Reptile

There was a moment early on in Reptile where Benicio Del Toro’s homicide detective scolds a uniform police officer. 

“When you walk through this crime scene. 12 members of the jury walk with you.” 

Lines like that and the mood of most of Reptile struck me as a film that was made by someone who had either done a homicide investigation or at least had done their research on how these things work. 

That feeling lasts even as the movie hits several cop story cliches on the way to its mostly predictable conclusions. 

Reptile was Directed by Grant Singer with credited writing by Singer, Benjamin Brewer and star Benicio Del Toro. Both visually and in the way the story develops suggests everyone watched an Ozark marathon before filming began.

That’s snarky I admit but it’s not a bad thing. Del Toro’s electric screen presence keeps the proceedings intriguing and Justin Timberlake is perfectly cast as a sleezy real estate agent / possible killer.

Eric Bogosian has fun playing the paternal possibly evil cop/uncle or copuncle and Dominick Lombardozzi gets another role where he plays a friend turned menacing presence in the story.

The movie’s secret weapon is Alicia Silverstone playing the wife of Del Toro’s homicide detective. She gets to have some fun sort of helping him with the investigation and there is the obligatory scene that places her in danger.

I immediately wanted her to be Del Toro’s partner instead of his wife because their natural chemistry could have carried the movie.
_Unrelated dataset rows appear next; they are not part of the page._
(* For any circular interval graph $G$ and any vertex $v$ of $G$, $\deg_{G^2}(v)\le 4\omega(G)-4$.
   Context: A circular interval graph is obtained by taking a circle $\Sigma$, intervals $F_1,\dots,F_k\subseteq\Sigma$ each homeomorphic to $[0,1]$, a finite set of points of $\Sigma$ as vertex set, and joining two points iff both lie in some $F_i$. $G^2$ is the graph on $V(G)$ with distinct vertices adjacent iff at distance at most $2$ in $G$. $\omega$ is the clique number. *)

theory Defs
  imports "HOL-Analysis.Analysis"
begin

text \<open>Circular interval graph: circle = sphere c r (r > 0) in the plane (complex numbers),
  intervals F 0, ..., F (k-1) subsets of the circle each homeomorphic to [0,1],
  vertex set V a finite set of points of the circle; distinct u, v adjacent iff
  both lie in some F i.\<close>

definition circ_interval_adj :: "(nat \<Rightarrow> complex set) \<Rightarrow> nat \<Rightarrow> complex \<Rightarrow> complex \<Rightarrow> bool" where
  "circ_interval_adj F k u v \<longleftrightarrow> u \<noteq> v \<and> (\<exists>i<k. u \<in> F i \<and> v \<in> F i)"

definition clique_number :: "'a set \<Rightarrow> ('a \<Rightarrow> 'a \<Rightarrow> bool) \<Rightarrow> nat" where
  "clique_number V E = Max {card C | C. C \<subseteq> V \<and> (\<forall>x\<in>C. \<forall>y\<in>C. x \<noteq> y \<longrightarrow> E x y)}"

definition square_degree :: "'a set \<Rightarrow> ('a \<Rightarrow> 'a \<Rightarrow> bool) \<Rightarrow> 'a \<Rightarrow> nat" where
  "square_degree V E v = card {w \<in> V. w \<noteq> v \<and> (E v w \<or> (\<exists>u\<in>V. E v u \<and> E u w))}"

end

theory Submission
  imports Defs
begin

text \<open>Measuring angles about the centre from the point antipodal to \<open>v\<close> orders \<open>V\<close>
  linearly with \<open>v\<close> first. A connected arc avoiding two points \<open>p\<close>, \<open>q\<close> of the circle lies
  on one side of the chord \<open>pq\<close>, since the continuous signed distance from that line vanishes
  on the circle only at \<open>p\<close> and \<open>q\<close>; hence each interval meets \<open>V\<close> in an arc of the cyclic
  order. Going forward from \<open>v\<close>, the neighbours reached inside one interval through all
  intermediate vertices form, together with \<open>v\<close>, a clique; the vertices at distance two
  reached through them, together with the farthest such neighbour, lie in one interval. The
  same holds going backward, so the second neighbourhood of \<open>v\<close> is covered by four sets of
  size at most \<open>\<omega> - 1\<close>.\<close>

section \<open>Graphs whose edges come from cyclic intervals\<close>

text \<open>Read cyclically in the order given by \<open>h\<close>, the points of \<open>V\<close> in \<open>S\<close> form an arc:
  no \<open>a < b < c < d\<close> has \<open>a\<close>, \<open>c\<close> on one side of \<open>S\<close> and \<open>b\<close>, \<open>d\<close> on the other.\<close>

definition cyclic_interval_on :: "'a set \<Rightarrow> ('a \<Rightarrow> real) \<Rightarrow> 'a set \<Rightarrow> bool" where
  "cyclic_interval_on V h S \<longleftrightarrow>
     (\<forall>a\<in>V. \<forall>b\<in>V. \<forall>c\<in>V. \<forall>d\<in>V. h a < h b \<longrightarrow> h b < h c \<longrightarrow> h c < h d \<longrightarrow>
        \<not> ((a \<in> S \<longleftrightarrow> c \<in> S) \<and> (b \<in> S \<longleftrightarrow> d \<in> S) \<and> (a \<in> S \<longleftrightarrow> b \<notin> S)))"

lemma cyclic_interval_onD:
  assumes "cyclic_interval_on V h S" "a \<in> V" "b \<in> V" "c \<in> V" "d \<in> V"
    and "h a < h b" "h b < h c" "h c < h d"
    and "a \<in> S \<longleftrightarrow> c \<in> S" "b \<in> S \<longleftrightarrow> d \<in> S" "a \<in> S \<longleftrightarrow> b \<notin> S"
  shows False
  using assms unfolding cyclic_interval_on_def by blast

lemma card_le_clique_number:
  assumes "finite V" "C \<subseteq> V" "\<And>x y. x \<in> C \<Longrightarrow> y \<in> C \<Longrightarrow> x \<noteq> y \<Longrightarrow> E x y"
  shows "card C \<le> clique_number V E"
  unfolding clique_number_def
proof (rule Max_ge)
  show "finite {card C | C. C \<subseteq> V \<and> (\<forall>x\<in>C. \<forall>y\<in>C. x \<noteq> y \<longrightarrow> E x y)}"
    using assms(1) by (rule finite_subset[rotated, OF finite_imageI[OF finite_Pow_iff[THEN iffD2]]]) auto
qed (use assms in blast)

lemma obtain_max_image:
  fixes f :: "'a \<Rightarrow> 'b::linorder"
  assumes "finite X" "X \<noteq> {}"
  obtains m where "m \<in> X" "\<And>x. x \<in> X \<Longrightarrow> f x \<le> f m"
proof -
  have "Max (f ` X) \<in> f ` X"
    using assms by simp
  then obtain m where "m \<in> X" "f m = Max (f ` X)"
    by auto
  with assms show ?thesis
    using that by simp
qed

locale circular_interval_system =
  fixes V :: "'a set" and E :: "'a \<Rightarrow> 'a \<Rightarrow> bool" and S :: "nat \<Rightarrow> 'a set" and k :: nat
    and h :: "'a \<Rightarrow> real" and v :: 'a
  assumes finite_V: "finite V" and v_in_V: "v \<in> V" and inj_on_h: "inj_on h V"
    and h_v_less: "\<And>w. w \<in> V \<Longrightarrow> w \<noteq> v \<Longrightarrow> h v < h w"
    and E_iff: "\<And>x y. E x y \<longleftrightarrow> x \<noteq> y \<and> (\<exists>i<k. x \<in> S i \<and> y \<in> S i)"
    and cyclic_interval_on_S: "\<And>i. i < k \<Longrightarrow> cyclic_interval_on V h (S i)"
begin

lemma h_v_le: "w \<in> V \<Longrightarrow> h v \<le> h w"
  using h_v_less by fastforce

lemma h_less_if_le_ne: "x \<in> V \<Longrightarrow> y \<in> V \<Longrightarrow> h x \<le> h y \<Longrightarrow> x \<noteq> y \<Longrightarrow> h x < h y"
  using inj_on_h by (metis inj_on_eq_iff order_le_less)

lemma card_le_clique_number_minus_one:
  assumes "X \<subseteq> V" "y \<in> V - X" "i < k" "insert y X \<subseteq> S i"
  shows "card X \<le> clique_number V E - 1"
proof -
  have "card (insert y X) \<le> clique_number V E"
    using assms by (intro card_le_clique_number[OF finite_V]) (auto simp: E_iff)
  moreover have "finite X"
    using assms(1) finite_V finite_subset by blast
  ultimately show ?thesis
    using assms(2) by simp
qed

definition order_segment :: "'a \<Rightarrow> 'a \<Rightarrow> 'a set" where
  "order_segment u w = {z \<in> V. h u \<le> h z \<and> h z \<le> h w}"

definition forward_nbrs :: "'a set" where
  "forward_nbrs = {w \<in> V - {v}. \<exists>i<k. order_segment v w \<subseteq> S i}"

definition forward_nbrs2 :: "'a set" where
  "forward_nbrs2 = {w \<in> V - forward_nbrs.
     \<exists>u\<in>forward_nbrs. h u \<le> h w \<and> (\<exists>j<k. order_segment u w \<subseteq> S j)}"

lemma forward_nbrs_downward_closed:
  assumes "w \<in> forward_nbrs" "z \<in> V - {v}" "h z \<le> h w"
  shows "z \<in> forward_nbrs"
  using assms unfolding forward_nbrs_def order_segment_def by fastforce

lemma card_forward_nbrs: "card forward_nbrs \<le> clique_number V E - 1"
proof (cases "forward_nbrs = {}")
  case False
  moreover have "finite forward_nbrs"
    using finite_V by (simp add: forward_nbrs_def)
  ultimately obtain m where m: "m \<in> forward_nbrs" "\<And>x. x \<in> forward_nbrs \<Longrightarrow> h x \<le> h m"
    using obtain_max_image by blast
  then obtain i where "i < k" "order_segment v m \<subseteq> S i"
    by (auto simp: forward_nbrs_def)
  moreover have "insert v forward_nbrs \<subseteq> order_segment v m"
    using m v_in_V h_v_le by (auto simp: order_segment_def forward_nbrs_def)
  ultimately show ?thesis
    using v_in_V by (intro card_le_clique_number_minus_one) (auto simp: forward_nbrs_def)
qed simp

lemma forward_nbrs2_subset: "forward_nbrs2 \<subseteq> V - {v}"
  using h_v_less by (fastforce simp: forward_nbrs2_def forward_nbrs_def)

lemma card_forward_nbrs2: "card forward_nbrs2 \<le> clique_number V E - 1"
proof (cases "forward_nbrs2 = {}")
  case False
  moreover have "finite forward_nbrs2"
    using finite_V by (simp add: forward_nbrs2_def)
  ultimately obtain w where w: "w \<in> forward_nbrs2" "\<And>x. x \<in> forward_nbrs2 \<Longrightarrow> h x \<le> h w"
    using obtain_max_image by blast
  then obtain u j where u: "u \<in> forward_nbrs" "h u \<le> h w" "j < k" "order_segment u w \<subseteq> S j"
    by (auto simp: forward_nbrs2_def)
  then have "forward_nbrs \<noteq> {}" "finite forward_nbrs"
    using finite_V by (auto simp: forward_nbrs_def)
  then obtain m where m: "m \<in> forward_nbrs" "\<And>x. x \<in> forward_nbrs \<Longrightarrow> h x \<le> h m"
    using obtain_max_image by blast
  have above_m: "h m < h x" if "x \<in> forward_nbrs2" for x
  proof (rule ccontr)
    assume "\<not> h m < h x"
    then have "x \<in> forward_nbrs"
      using forward_nbrs_downward_closed[OF m(1)] forward_nbrs2_subset that by force
    with that show False
      by (simp add: forward_nbrs2_def)
  qed
  have "insert m forward_nbrs2 \<subseteq> order_segment u w"
  proof -
    have "h u \<le> h m" "h m \<le> h w"
      using m(2)[OF u(1)] above_m[OF w(1)] by auto
    moreover have "h m \<le> h x" "h x \<le> h w" if "x \<in> forward_nbrs2" for x
      using above_m[OF that] w(2)[OF that] by auto
    ultimately show ?thesis
      using m(1) forward_nbrs2_subset by (fastforce simp: order_segment_def forward_nbrs_def)
  qed
  with u(4) have "insert m forward_nbrs2 \<subseteq> S j"
    by blast
  moreover have "m \<in> V - forward_nbrs2"
    using m(1) by (auto simp: forward_nbrs_def forward_nbrs2_def)
  ultimately show ?thesis
    using forward_nbrs2_subset u(3) by (intro card_le_clique_number_minus_one) auto
qed simp

lemma forward_nbrs2I:
  assumes "u \<in> forward_nbrs" "E u w" "\<not> E v w" "w \<in> V - {v}" "w \<notin> forward_nbrs"
  shows "w \<in> forward_nbrs2"
proof -
  obtain j where j: "j < k" "u \<in> S j" "w \<in> S j"
    using assms(2) by (auto simp: E_iff)
  have "v \<notin> S j"
    using assms(3,4) j by (auto simp: E_iff)
  have u_V: "u \<in> V" "u \<noteq> v"
    using assms(1) by (auto simp: forward_nbrs_def)
  have "h u < h w"
    using forward_nbrs_downward_closed[OF assms(1,4)] assms(5) by force
  have "z \<in> S j" if z: "z \<in> order_segment u w" for z
  proof (rule ccontr)
    assume "z \<notin> S j"
    with z j u_V assms(4) have "h u < h z" "h z < h w" "z \<in> V"
      by (auto simp: order_segment_def intro: h_less_if_le_ne)
    then show False
      using cyclic_interval_onD[OF cyclic_interval_on_S[OF j(1)] v_in_V u_V(1) _ _ h_v_less[OF u_V]]
        j \<open>v \<notin> S j\<close> \<open>z \<notin> S j\<close> assms(4) by blast
  qed
  then have "order_segment u w \<subseteq> S j"
    by blast
  then show ?thesis
    unfolding forward_nbrs2_def
    using assms(1,4,5) less_imp_le[OF \<open>h u < h w\<close>] j(1) by blast
qed

text \<open>Reverses the order of \<open>V - {v}\<close> but keeps \<open>v\<close> least, so that the backward
  neighbours of \<open>v\<close> become forward ones.\<close>

definition reflected_order :: "'a \<Rightarrow> real" where
  "reflected_order w = (if w = v then - Max (h ` V) - 1 else - h w)"

lemma h_le_Max: "w \<in> V \<Longrightarrow> h w \<le> Max (h ` V)"
  using finite_V by simp

lemma reflected_order_le_iff:
  assumes "z \<in> V" "w \<in> V - {v}"
  shows "reflected_order z \<le> reflected_order w \<longleftrightarrow> z = v \<or> h w \<le> h z"
  using assms h_le_Max[of w] by (auto simp: reflected_order_def)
Unfortunately, the flick suffers from a byzantine plot and the elements of a conspiracy that it never quite fully explains. Nor does it make the audience care about who did what to whom.

Making those kind of crime tropes interesting is always a tough sell and this movie never gets there. There is a reason that there was only one good season of True Detective and everyone gave up on that show when the season 1 finale couldn’t live up to the mystery hype.

Ultimately, Reptile doesn’t quite rise to the B tier cop movie status of flicks like Copland or Narc but it is a fine example of the genre. While it doesn’t reach super highs it doesn’t fall flat either.

And I promise you I am not joking with this. Netflix should greenlight a sequel immediately and send Del Toro’s character into private investigations with his wife/partner Silverstone. 

They’re cute, they’re haunted by a shared murder solving past and they want to help.